С некоторым усилием оторвав взгляд от красивого лика жгучей брюнетки, Петр Шуйский обнаружил в дверях еще одного соперника за внимание и милости царской Семьи. Причем четырнадцатилетний Федька Захарьев-Юрьев был в этом негласном соревновании более удачлив, беззастенчиво пользуясь близким родством с покойной царицей Анастасией:
— Великий государь послал справиться о твоем здравии, Димитрий Иванович: все ли у тебя хорошо?
Посторонившись, юный модник в шитом серебром атласном кафтане пропустил очередного дьячка приказа Большой казны, что под конвоем стражников принес Золотую шапку государя Московского.
— Благодарствую, вполне. Как видишь, и облачение почти завершено... Ступай и донеси батюшке, что с первым колокольным звоном мы прибудем.

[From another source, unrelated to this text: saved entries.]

lemma expectation_power2_norm_clipped_average_centered_le:
  fixes X :: "'i \<Rightarrow> 'a \<Rightarrow> 'b::euclidean_space"
  assumes "finite I" and indep: "indep_vars (\<lambda>_. borel) X I"
    and "0 \<le> lam" "0 \<le> \<alpha>" "\<alpha> \<le> 2"
    and x: "\<And>i. i \<in> I \<Longrightarrow> norm (x i) \<le> lam / 2"
    and moment: "\<And>i. i \<in> I \<Longrightarrow> integrable M (\<lambda>\<omega>. norm (X i \<omega> - x i) powr \<alpha>)"
      "\<And>i. i \<in> I \<Longrightarrow> expectation (\<lambda>\<omega>. norm (X i \<omega> - x i) powr \<alpha>) \<le> s"
  defines "A \<equiv> \<lambda>\<omega>. (1 / real (card I)) *\<^sub>R (\<Sum>i\<in>I. clip (X i \<omega>) lam)"
  shows "expectation (\<lambda>\<omega>. (norm (A \<omega> - expectation A))\<^sup>2) \<le> 4 * lam powr (2 - \<alpha>) * s / real (card I)"
proof -
  define Y where "Y i = (\<lambda>\<omega>. clip (X i \<omega>) lam)" for i
  have X_measurable[measurable]: "X i \<in> borel_measurable M" if "i \<in> I" for i
    using indep that by (auto simp: indep_vars_def)
  have "expectation (\<lambda>\<omega>. (norm (A \<omega> - expectation A))\<^sup>2)
      = (\<Sum>i\<in>I. expectation (\<lambda>\<omega>. (norm (Y i \<omega> - expectation (Y i)))\<^sup>2)) / (real (card I))\<^sup>2"
    unfolding A_def Y_def
  proof (rule expectation_power2_norm_centered_average[OF \<open>finite I\<close>])
    show "indep_vars (\<lambda>_. borel) (\<lambda>i \<omega>. clip (X i \<omega>) lam) I"
      by (rule indep_vars_compose2[OF indep]) simp
  qed (use \<open>0 \<le> lam\<close> in \<open>auto intro: integrable_clip integrable_power2_norm_clip\<close>)
  also have "\<dots> \<le> (\<Sum>i\<in>I. 4 * lam powr (2 - \<alpha>) * s) / (real (card I))\<^sup>2"
  proof (intro divide_right_mono sum_mono)
    fix i assume "i \<in> I"
    have "expectation (\<lambda>\<omega>. (norm (Y i \<omega> - expectation (Y i)))\<^sup>2)
        \<le> 4 * lam powr (2 - \<alpha>) * expectation (\<lambda>\<omega>. norm (X i \<omega> - x i) powr \<alpha>)"
      unfolding Y_def using assms \<open>i \<in> I\<close> by (intro expectation_power2_norm_clip_centered_le) auto
    also have "\<dots> \<le> 4 * lam powr (2 - \<alpha>) * s"
      using moment(2)[OF \<open>i \<in> I\<close>] by (intro mult_left_mono) auto
    finally show "expectation (\<lambda>\<omega>. (norm (Y i \<omega> - expectation (Y i)))\<^sup>2) \<le> 4 * lam powr (2 - \<alpha>) * s" .
  qed simp
  also have "\<dots> = 4 * lam powr (2 - \<alpha>) * s / real (card I)"
    by (simp add: power2_eq_square)
  finally show ?thesis .
qed

end

theorem lemmaB3:
  fixes M :: "'a measure" and X :: "nat \<Rightarrow> 'a \<Rightarrow> 'b::euclidean_space"
    and n :: nat and lam :: real and Xt :: "'a \<Rightarrow> 'b"
  assumes "prob_space M"
    and "prob_space.indep_vars M (\<lambda>_. borel) X {1..n}"
    and "lam > 0"
  defines "Xt \<equiv> (\<lambda>\<omega>. (1 / real n) *\<^sub>R (\<Sum>i=1..n. clip (X i \<omega>) lam))"
  shows "(\<forall>\<omega>\<in>space M. norm (Xt \<omega> - integral\<^sup>L M Xt) \<le> 2 * lam)
    \<and> (\<forall>(\<sigma>::real) (\<alpha>::real) (x::nat \<Rightarrow> 'b).
         (\<sigma> \<ge> 0 \<and> 1 < \<alpha> \<and> \<alpha> \<le> 2
          \<and> (\<forall>i\<in>{1..n}. integrable M (X i) \<and> integral\<^sup>L M (X i) = x i
                \<and> (\<integral>\<^sup>+ \<omega>. ennreal (norm (X i \<omega> - x i) powr \<alpha>) \<partial>M) \<le> ennreal (\<sigma> powr \<alpha>)
                \<and> norm (x i) \<le> lam / 2))
         \<longrightarrow> (let xbar = (1 / real n) *\<^sub>R (\<Sum>i=1..n. x i) in
              norm (integral\<^sup>L M Xt - xbar) \<le> 2 powr \<alpha> * \<sigma> powr \<alpha> / lam powr (\<alpha> - 1)
              \<and> (\<integral>\<omega>. (norm (Xt \<omega> - integral\<^sup>L M Xt))\<^sup>2 \<partial>M)
                  \<le> 18 * lam powr (2 - \<alpha>) * \<sigma> powr \<alpha> / real n))"
proof -
  interpret prob_space M by fact
  have Xt: "Xt = (\<lambda>\<omega>. (1 / real (card {1..n})) *\<^sub>R (\<Sum>i\<in>{1..n}. clip (X i \<omega>) lam))"
    by (simp add: Xt_def)
  have "norm (Xt \<omega>) \<le> lam" for \<omega>
    unfolding Xt using \<open>lam > 0\<close> by (intro norm_average_le norm_clip_le) auto
  then have deviation: "\<forall>\<omega>\<in>space M. norm (Xt \<omega> - expectation Xt) \<le> 2 * lam"
    by (blast intro: norm_minus_expectation_le)
  show ?thesis
  proof (intro conjI deviation allI impI, unfold Let_def, elim conjE, intro conjI)
    fix \<sigma> \<alpha> :: real and x :: "nat \<Rightarrow> 'b"
    assume "0 \<le> \<sigma>" "1 < \<alpha>" "\<alpha> \<le> 2" and hyps: "\<forall>i\<in>{1..n}. integrable M (X i) \<and> expectation (X i) = x i
        \<and> (\<integral>\<^sup>+ \<omega>. ennreal (norm (X i \<omega> - x i) powr \<alpha>) \<partial>M) \<le> ennreal (\<sigma> powr \<alpha>) \<and> norm (x i) \<le> lam / 2"
    have moment: "integrable M (\<lambda>\<omega>. norm (X i \<omega> - x i) powr \<alpha>)"
      "expectation (\<lambda>\<omega>. norm (X i \<omega> - x i) powr \<alpha>) \<le> \<sigma> powr \<alpha>" if "i \<in> {1..n}" for i
    proof -
      let ?f = "\<lambda>\<omega>. norm (X i \<omega> - x i) powr \<alpha>"
      have [measurable]: "X i \<in> borel_measurable M"
        using hyps that by (auto intro: borel_measurable_integrable)
      show "integrable M ?f" "expectation ?f \<le> \<sigma> powr \<alpha>"
        using integrable_of_nn_integral_le[of ?f M "\<sigma> powr \<alpha>"] integral_le_of_nn_integral_le[of ?f M "\<sigma> powr \<alpha>"]
          hyps that by auto
    qed
    have "norm (expectation Xt - (1 / real n) *\<^sub>R (\<Sum>i=1..n. x i))
        \<le> 2 powr (\<alpha> - 1) * \<sigma> powr \<alpha> / lam powr (\<alpha> - 1)"
      using norm_expectation_clipped_average_minus_le[of "{1..n}" lam \<alpha> "\<sigma> powr \<alpha>" X x]
        hyps moment \<open>lam > 0\<close> \<open>1 < \<alpha>\<close> by (simp add: Xt)
    also have "\<dots> \<le> 2 powr \<alpha> * \<sigma> powr \<alpha> / lam powr (\<alpha> - 1)"
      by (intro divide_right_mono mult_right_mono powr_mono) auto
    finally show "norm (expectation Xt - (1 / real n) *\<^sub>R (\<Sum>i=1..n. x i))
        \<le> 2 powr \<alpha> * \<sigma> powr \<alpha> / lam powr (\<alpha> - 1)" .
    have "expectation (\<lambda>\<omega>. (norm (Xt \<omega> - expectation Xt))\<^sup>2) \<le> 4 * lam powr (2 - \<alpha>) * \<sigma> powr \<alpha> / real n"
      using expectation_power2_norm_clipped_average_centered_le[of "{1..n}" X lam \<alpha> x "\<sigma> powr \<alpha>"]
        assms(2) hyps moment \<open>lam > 0\<close> \<open>1 < \<alpha>\<close> \<open>\<alpha> \<le> 2\<close> by (simp add: Xt)
    also have "\<dots> \<le> 18 * lam powr (2 - \<alpha>) * \<sigma> powr \<alpha> / real n"
      by (intro divide_right_mono mult_right_mono) auto
    finally show "expectation (\<lambda>\<omega>. (norm (Xt \<omega> - expectation Xt))\<^sup>2)
        \<le> 18 * lam powr (2 - \<alpha>) * \<sigma> powr \<alpha> / real n" .
  qed
qed

end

Коротко кивнув, быстроногий отрок сорвался с места, спеша донести добрые вести до царя.
— Ты же сегодня в неполном чине? Или еще и державу со скипетром принесут?
Легонько пихнув замешкавшихся челядинов, подошедший царевич Иван забрал у служки шапочку-тафью и плавно опустил ее на голову старшего брата, полностью скрыв коротко стриженную седину. Следом пришел черед и Золотой шапки, весящей как добрый шлем-ерихонка.
— Слава Богу, в неполном. Державой этой только орехи и колоть... Федя, ты ларец мне на стол в Кабинете определи, и погляди там заодно мои четки.
Угукнув, младший сын царя встал и мимоходом ухватив посох, подставил его под цепкие пальцы владельца. Поправив на поясе перекосившиеся ножны черкесского кинжала, Иоанн Иоанович придирчиво оглядел брата на предмет каких-либо негораздов, и остался доволен увиденным. В отличие от самого Дмитрия, тихо проворчавшего:
— Чувствую себя капустой.
— Хм? Это как?
— Десяток одежек, и все без застежек!
Коротко ржанув, средний царевич тут же вернул себе серьезный вид — благо и Федька из кабинета пожаловал, держа слегка на отлете за кипарисовый крестик братнины четки. Темно-багровые, наполненные хозяйской силой так, что в глубине рубинов иногда начинали тлеть багровые искры... Подхватив, Дмитрий привычно устроил их на руке, в два витка охватив запястье так, чтобы крестик был точно под указательным пальцем.
Дон-н, дон-н, дон-н-н!!!
Стены Теремного дворца изрядно смягчили гулкий голос колокольни Ивана Великого — и словно отвечая ему, все в покоях разом задвигались. Пока государь-наследник покидал дворец и шел на Красную площадь — вокруг него словно сам по себе образовался плотный круг из Ближней свиты, отбивающей все попытки разных нахалов пристроиться поближе к будущему царю. И надо сказать, желающих хватало! Занятые делом, ближники как-то упустили тот момент, когда царевичи вместе с барышней Гуреевой отстали и свернули куда-то в сторонку. Потом уже самим "охранителм" пришлось отойти к отцам и старшим братьям — пока Великий государь Иоанн Васильевич прямо в воротной арке Никольской башни давал своему первенцу родительское благословление.
— Ого, сколько!
Для царской семьи и особо приближенных загодя приготовили место на стене Кремля — аккурат напротив недавно сколоченного помоста, против обыкновения не застеленного даже самыми плохонькими ковровыми дорожками. И теперь именно этот помост и выделялся в разлившемся по Красной площади людском море, затопившем не только саму площадь, но и все доступные проулки с подходящими крышами. Негромкий гул отдельных "капелек" сливался в мощный рокот, пока еще мирный и преисполненный легкого любопытства, а так же ожидания... Чего-то.
— Дуня. Дуняша!
Замершая напротив бойницы царевна откликнулась на зов братьев только с третьего раза.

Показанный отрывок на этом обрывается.